Let’s try one that’s a bit tougher, with only a 30.2% acceptance rate: Word Search.
An aside about understanding requirements
When solving programming problems, it behooves the problem-solver to fully explicate and understand requirements and edge cases. This came pretty naturally when solving permutations due to its simplicity, though it was still necessary to analyze the description and example-cases for implicit and explicit requirements. Analyzing the problem for the permutations problem revealed the following:
- A permutation of a collection is a re-arrangement of the elements in a collection
- Each element in the original collection should only appear in a permutation once
- The expected input is a single collection
- The expected output is an array of permutations of the input collection, including the original input collection (and, therefore, an ordered collection is a permutation of itself).
In fact, understanding requirements and sketching out test-cases is an important part of any problem-solving process: backtracking or otherwise. Check out this article by Launch School for a great systematic approach to breaking down and solving problems.
Okay, let’s return to the problem at hand: Word Search.
Analyzing the problem description reveals the following:
- The first input is a 2D grid of characters, which means each element is uniquely located with a coordinate:
- The second input is a string of characters
- The expected output is a boolean
- Our solution should determine whether the string can be constructed by combining letters in the grid.
- There are constraints placed on the combination. It is not enough to determine if the string can be constructed by combining the characters in the grid: the combination has to follow certain rules. The way the backtracking algorithm is going to check if a combination exists is by attempting to construct a valid combination according to the given constraints.
6. These are the individual constraints, or rules, demarcating valid character combinations from invalid ones:
- A character at a certain index can be used at most 1 time in any valid combination.
- For any character in any valid combination, the subsequent character must exist in a horizontally or vertically adjacent position.
- For any coordinate
(x,y), all of the following are considered adjacent positions:
- Further, a valid adjacent position
(a, b)of coordinate
(x, y)is one in which
a >= 0 && b >= 0 && a < numOfGridColumns && b < numOfGridRows. I say
<=because the grid is made up of arrays whose index starts at 0 rather than 1, so the elements in the last column of a grid with 5 columns will have an
xvalue of 4.
Now that the requirements are clear, I’ll start by solving the problem manually.
Step 1: Solve it by hand
Since this problem is more complex, I’ll solve it with a different target string as well. In this case, the target string will not actually exist. This is important because the manual solution contains the initial algorithm I want to implement. In the same way that writing down one’s thoughts provides new insight, solving the problem on paper reveals the structure of the problem. After solving it manually, all I have to do is act as a translator by converting the process I followed into code. The best part about this is that I didn’t have to know how to solve this problem manually before I started writing (and in fact this is the first time that I have ever personally looked at & attempted the Word Search problem, so you and I are in the same boat). Many processes outside of my conscious awareness are uniting to produce a solution that I will then translate into the language of the interpreter (since I will be implementing the solution in Ruby this time around). Solving by hand == solving by intuition. Once it’s solved by hand, I just need to make explicit all of the implicit steps I took.
This time, I tried to find a word that couldn’t be constructed according to the given rules. Notice that I stopped iterating through the coordinates once I passed all coordinates that contained “S”. This was to keep the drawing from appearing too cluttered and because it’s easy to see that the final row of cells would look the same as the first row of cells.

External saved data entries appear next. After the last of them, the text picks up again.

definition is_filter_in :: "'b set set \<Rightarrow> 'b set set \<Rightarrow> bool" where
  "is_filter_in D C \<longleftrightarrow> C \<noteq> {} \<and> C \<subseteq> D \<and>
     (\<forall>E\<in>C. \<forall>F\<in>C. E \<inter> F \<in> C) \<and>
     (\<forall>E\<in>C. \<forall>F\<in>D. E \<subseteq> F \<longrightarrow> F \<in> C)"

definition is_maximal_filter_in :: "'b set set \<Rightarrow> 'b set set \<Rightarrow> bool" where
  "is_maximal_filter_in D C \<longleftrightarrow> is_filter_in D C \<and>
     (\<forall>C'. is_filter_in D C' \<and> C \<subseteq> C' \<longrightarrow> C' = C)"

definition covers :: "'b set set \<Rightarrow> 'b set set \<Rightarrow> bool" where
  "covers F C \<longleftrightarrow> (\<exists>E\<in>C. E \<subseteq> \<Union>F)"

definition vLambda_star :: "'a set \<Rightarrow> ('a \<Rightarrow> 'o) \<Rightarrow> ('a \<Rightarrow> 'o) \<Rightarrow> ('a \<Rightarrow> 'a \<Rightarrow> 'a) \<Rightarrow> 'o \<Rightarrow> 'a set set set" where
  "vLambda_star Mor s r cmp v =
     {C. is_filter_in (D0 Mor s r cmp v) C \<and>
         (\<forall>F. finite F \<and> F \<subseteq> D0 Mor s r cmp v \<and> F \<inter> C = {} \<longrightarrow> \<not> covers F C)}"

end

theory Submission imports Defs begin

text \<open>
Reversing a zigzag \<open>\<zeta>\<close> gives a zigzag \<open>\<zeta>\<^sup>-\<^sup>1\<close> whose map inverts \<open>\<phi>\<^sub>\<zeta>\<close>, by left
cancellation; hence \<open>\<zeta>\<^sup>-\<^sup>1\<zeta>\<xi>\<^sup>-\<^sup>1\<xi>\<close> is the identity on exactly \<open>A(\<zeta>) \<inter> A(\<xi>)\<close>, and
\<open>\<D>\<^sup>(\<^sup>0\<^sup>)\<^sub>v\<close> is a family of nonempty sets closed under nonempty intersection.
Everything else holds for any such family \<open>D\<close>.  A maximal filter \<open>C\<close> contains every
\<open>G \<in> D\<close> meeting all its members (otherwise \<open>C\<close> and \<open>G\<close> generate a larger filter), so each
member of a finite \<open>F\<close> disjoint from \<open>C\<close> is missed by some member of \<open>C\<close>; intersecting these
witnesses shows that \<open>F\<close> does not cover \<open>C\<close>.  Unions of chains preserve the filter axioms
and non-covering.  Finally, a maximal element of \<open>v\<Lambda>\<^sup>*\<close> extends by Zorn's lemma to a
maximal filter, which lies in \<open>v\<Lambda>\<^sup>*\<close> by the first part, so the two coincide.
\<close>

section \<open>Filters in families closed under nonempty intersection\<close>

definition uncoverable :: "'b set set \<Rightarrow> 'b set set \<Rightarrow> bool" where
  "uncoverable D C \<longleftrightarrow> (\<forall>F. finite F \<and> F \<subseteq> D \<and> F \<inter> C = {} \<longrightarrow> \<not> covers F C)"

lemma is_filter_inD:
  assumes "is_filter_in D C"
  shows is_filter_in_nonempty: "C \<noteq> {}"
    and is_filter_in_subset: "C \<subseteq> D"
    and is_filter_in_Int: "E \<in> C \<Longrightarrow> F \<in> C \<Longrightarrow> E \<inter> F \<in> C"
    and is_filter_in_upward: "E \<in> C \<Longrightarrow> F \<in> D \<Longrightarrow> E \<subseteq> F \<Longrightarrow> F \<in> C"
  using assms by (auto simp: is_filter_in_def)

lemma is_maximal_filter_in_filter: "is_maximal_filter_in D C \<Longrightarrow> is_filter_in D C"
  by (simp add: is_maximal_filter_in_def)

lemma is_filter_in_Union_chain:
  assumes "X \<noteq> {}" and "\<And>A. A \<in> X \<Longrightarrow> is_filter_in D A" and "chain\<^sub>\<subseteq> X"
  shows "is_filter_in D (\<Union>X)"
  unfolding is_filter_in_def
proof (intro conjI ballI impI)
  show "\<Union>X \<noteq> {}" "\<Union>X \<subseteq> D"
    using assms(1,2) is_filter_in_nonempty is_filter_in_subset by blast+
next
  fix E F assume "E \<in> \<Union>X" "F \<in> \<Union>X"
  then obtain A B where AB: "A \<in> X" "B \<in> X" "E \<in> A" "F \<in> B" by blast
  with \<open>chain\<^sub>\<subseteq> X\<close> have "E \<in> A \<union> B \<and> F \<in> A \<union> B \<and> (A \<union> B = A \<or> A \<union> B = B)"
    unfolding chain_subset_def by blast
  then show "E \<inter> F \<in> \<Union>X"
    using AB assms(2) is_filter_in_Int by (metis UnionI)
next
  fix E F assume "E \<in> \<Union>X" "F \<in> D" "E \<subseteq> F"
  then show "F \<in> \<Union>X" using assms(2) is_filter_in_upward by blast
qed
lemma stretch_dominates_primitive:
  assumes primitive: "\<And>x. v x = v 0 + (LBINT z=ereal 0..ereal x. g z)" and "a \<le> b"
  shows "\<bar>v b - v a\<bar> \<le> stretch g b - stretch g a"
proof -
  have one_int: "set_integrable lborel {a..b} (\<lambda>_. 1::real)" for a b :: real
    by (rule borel_integrable_atLeastAtMost') simp
  have bound_int: "set_integrable lborel {a..b} (\<lambda>z. 1 + (g z)\<^sup>2)" for a b :: real
    using one_int square_int by (rule set_integral_add)
  have g_int: "set_integrable lborel {a..b} g" for a b
  proof (rule set_integrable_bound[OF bound_int])
    show "set_borel_measurable lborel {a..b} g"
      unfolding set_borel_measurable_def using g_measurable by measurable
    show "AE x in lborel. x \<in> {a..b} \<longrightarrow> norm (g x) \<le> norm (1 + (g x)\<^sup>2)"
      using abs_le_1_plus_square by (intro AE_I2) (simp add: add_nonneg_nonneg)
  qed
  have "v b - v a = (LBINT z:{a..b}. g z)"
    using interval_integral_0_diff[OF g_int \<open>a \<le> b\<close>] primitive[of a] primitive[of b] by simp
  also have "\<bar>\<dots>\<bar> \<le> (LBINT z:{a..b}. \<bar>g z\<bar>)"
    using set_integral_norm_bound[OF g_int] by simp
  also have "\<dots> \<le> (LBINT z:{a..b}. 1 + (g z)\<^sup>2)"
    using set_integrable_abs[OF g_int] bound_int abs_le_1_plus_square by (rule set_integral_mono)
  also have "\<dots> = stretch g b - stretch g a"
    using stretch_diff[OF \<open>a \<le> b\<close>] set_integral_add(2)[OF one_int square_int] \<open>a \<le> b\<close>
    by (simp add: set_integral_const)
  finally show ?thesis .
qed

lemma lipschitz_on_inverse_stretch:
  assumes "0 \<le> c"
  shows "c-lipschitz_on UNIV (\<lambda>\<beta>. THE y. stretch g y = c * \<beta>)"
    and "(\<And>x. v x = v 0 + (LBINT z=ereal 0..ereal x. g z))
      \<Longrightarrow> c-lipschitz_on UNIV (\<lambda>\<beta>. v (THE y. stretch g y = c * \<beta>))"
proof -
  show "c-lipschitz_on UNIV (\<lambda>\<beta>. THE y. stretch g y = c * \<beta>)"
  proof (rule lipschitz_on_comp_expanding_inverse[where v = "\<lambda>y. y"])
    show "\<bar>b - a\<bar> \<le> stretch g b - stretch g a" if "a \<le> b" for a b
      using stretch_expanding[OF that] that by simp
  qed (simp_all add: stretch_THE assms)
  show "c-lipschitz_on UNIV (\<lambda>\<beta>. v (THE y. stretch g y = c * \<beta>))"
    if "\<And>x. v x = v 0 + (LBINT z=ereal 0..ereal x. g z)"
    using stretch_dominates_primitive[OF that] stretch_THE assms
    by (rule lipschitz_on_comp_expanding_inverse)
qed

end

lemma H1rep_square_set_integrable:
  assumes "H1rep v g"
  shows "set_integrable lborel {a..b} (\<lambda>z. (g z)\<^sup>2)"
proof (rule set_integrable_periodic)
  show "(g (x + 1))\<^sup>2 = (g x)\<^sup>2" for x
    using assms unfolding H1rep_def by simp
  show "set_integrable lborel {0..1} (\<lambda>z. (g z)\<^sup>2)"
    using assms unfolding H1rep_def by blast
qed

theorem lemma5p4:
  fixes u ux :: "real \<Rightarrow> real \<Rightarrow> real" and u0 u0x :: "real \<Rightarrow> real" and h :: real
  assumes "H1rep u0 u0x"
    and "h = sint (\<lambda>x. (u0x x)^2)"
    and "h \<noteq> 1"
    and "gacws u ux u0 u0x"
    and "t \<ge> 0"
  shows "(1 + h)-lipschitz_on UNIV (\<lambda>\<beta>. ychar h ux t \<beta>)
       \<and> (1 + h)-lipschitz_on UNIV (\<lambda>\<beta>. u t (ychar h ux t \<beta>))"
proof -
  have H1: "H1rep (u t) (ux t)"
    using assms(4,5) unfolding gacws_def Let_def by blast
  then have ux_measurable: "ux t \<in> borel_measurable lborel"
    and primitive: "\<And>x. u t x = u t 0 + (LBINT z=ereal 0..ereal x. ux t z)"
    unfolding H1rep_def by blast+
  have "0 \<le> h"
    unfolding assms(2) sint_def set_lebesgue_integral_def
    by (intro Bochner_Integration.integral_nonneg) simp
  then have "0 \<le> 1 + h" by simp
  note lipschitz = lipschitz_on_inverse_stretch[OF ux_measurable H1rep_square_set_integrable[OF H1] this]
  have "ychar h ux t = (\<lambda>\<beta>. THE y. stretch (ux t) y = (1 + h) * \<beta>)"
    unfolding ychar_def stretch_def ..
  then show ?thesis
    using lipschitz(1) lipschitz(2)[OF primitive] by simp
qed

end
lemma cintegral_powr_minus_exp:
  fixes M :: "real measure" and m :: real
  assumes sets_M: "sets M = sets (restrict_space borel {0..<1::real})"
    and f: "integrable M f" and m: "0 < m"
  shows "cintegral M f (\<lambda>x. of_real (rpow x m))
      - of_real (exp (- m)) * cintegral M f (\<lambda>x. of_real (exp (m * x)))
    = cintegral M f (\<lambda>x. of_real (x powr m - exp (- m * (1 - x))))"
proof -
  have space_M: "space M = {0..<1}"
    using sets_eq_imp_space_eq[OF sets_M] by (simp add: space_restrict_space)
  have powr_int: "integrable M (\<lambda>x. of_real (x powr m) * f x)"
  proof (rule integrable_bounded_mult[OF f])
    show "norm (complex_of_real (x powr m)) \<le> 1" if "x \<in> space M" for x
      using that m powr_mono2[of m x 1] by (auto simp: space_M)
  qed (intro borel_measurable_restrict_space_borel[OF sets_M], measurable)
  have exp_int: "integrable M (\<lambda>x. of_real (exp (- m * (1 - x))) * f x)"
  proof (rule integrable_bounded_mult[OF f])
    show "norm (complex_of_real (exp (- m * (1 - x)))) \<le> 1" if "x \<in> space M" for x
      using that m by (auto simp: space_M)
  qed (intro borel_measurable_restrict_space_borel[OF sets_M], measurable)
  have "of_real (exp (- m)) * cintegral M f (\<lambda>x. of_real (exp (m * x)))
      = cintegral M f (\<lambda>x. of_real (exp (- m * (1 - x))))"
  proof -
    have "exp (- m) * exp (m * x) = exp (- m * (1 - x))" for x
      by (simp add: exp_add[symmetric] algebra_simps)
    then have "of_real (exp (- m)) * (of_real (exp (m * x)) * f x)
        = of_real (exp (- m * (1 - x))) * f x" for x
      by (metis mult.assoc of_real_mult)
    then show ?thesis
      unfolding cintegral_def integral_mult_right_zero[symmetric] by presburger
  qed
  moreover have "rpow x m = x powr m" for x
    using m by (simp add: rpow_def)
  ultimately show ?thesis
    unfolding cintegral_def using Bochner_Integration.integral_diff[OF powr_int exp_int]
    by (simp add: left_diff_distrib)
qed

Now that I’ve solved two simple versions of the problem by hand, it’s time to proceed to the next step.
Step 2: Identify end-of-path conditions & dead-ends
I can see that I have reached the end of the path when I have explored a path of cells equal to the length of the target string.
So, I know that I’ve arrived at the end-of-path case when the path I’ve explored consists of a number of cells equal to the length of the target string.
The dead-end cases, as I can see, occur when:
- The contents of the cells I’ve collected, when appended together in the order in which I collected them, do not match the contents of the target string
- The current target coordinate is out of bounds of the grid
- Non-adjacent coordinates are used
- The same coordinate is reused
In either case, I will have to back up one step and continue my search down a different sub-path.
Step 3: Identify success cases
The success-case in this solution is encountered when:
- I’ve reached the end-of-path and
- The contents of the cells I’ve collected, when appended together in the order in which I collected them, do match the contents of the target string.
Step 4: Naive solution
Now it’s time to put it all together: the end-of-path case(s), the dead-end case(s), the success case(s), and implement the simple algorithm that I intuitively used to solve two instances of the problem by hand.
First, I’ll describe in words what I seemed to be doing when I was solving each instance of the problem by hand:
Describe the Manual Algorithm
For each remaining coordinate in the grid, I check if it contains the target character. If it doesn’t, I’ll skip to the next coordinate.
— — If I am at the final remaining coordinate and it does not contain the target character, I know to return false.
— — Else, I store that coordinate as the current coordinate and update the target character to the subsequent character in the target word. Then, for each of the current coordinate’s adjacent cells, if that cell has not yet been used in the current path and it contains the target character, I will repeat this process until I reach the end-of-path.
Notice that my solve-it-by-hand solution (as expressed in the drawings) uses a few “smart-branching” techniques. First, it uses some logic to skip over coordinates that don’t contain the target character. Second, it also skips over cells that have already been used in the current path. Third, for each cell at the top level, it is only looking through adjacent cells. This prevents a lot of unnecessary steps. For a problem of this limited scope, it’s probably fine to implement it like this right away. However, for more complex problems, this way of thinking can cause more trouble than it’s worth.
Remember: you play how you practice. I don’t want to try to jump straight to a smart solution, so I’ll keep some of the smart branching logic out of my initial solution despite the fact that doing so feels contrived.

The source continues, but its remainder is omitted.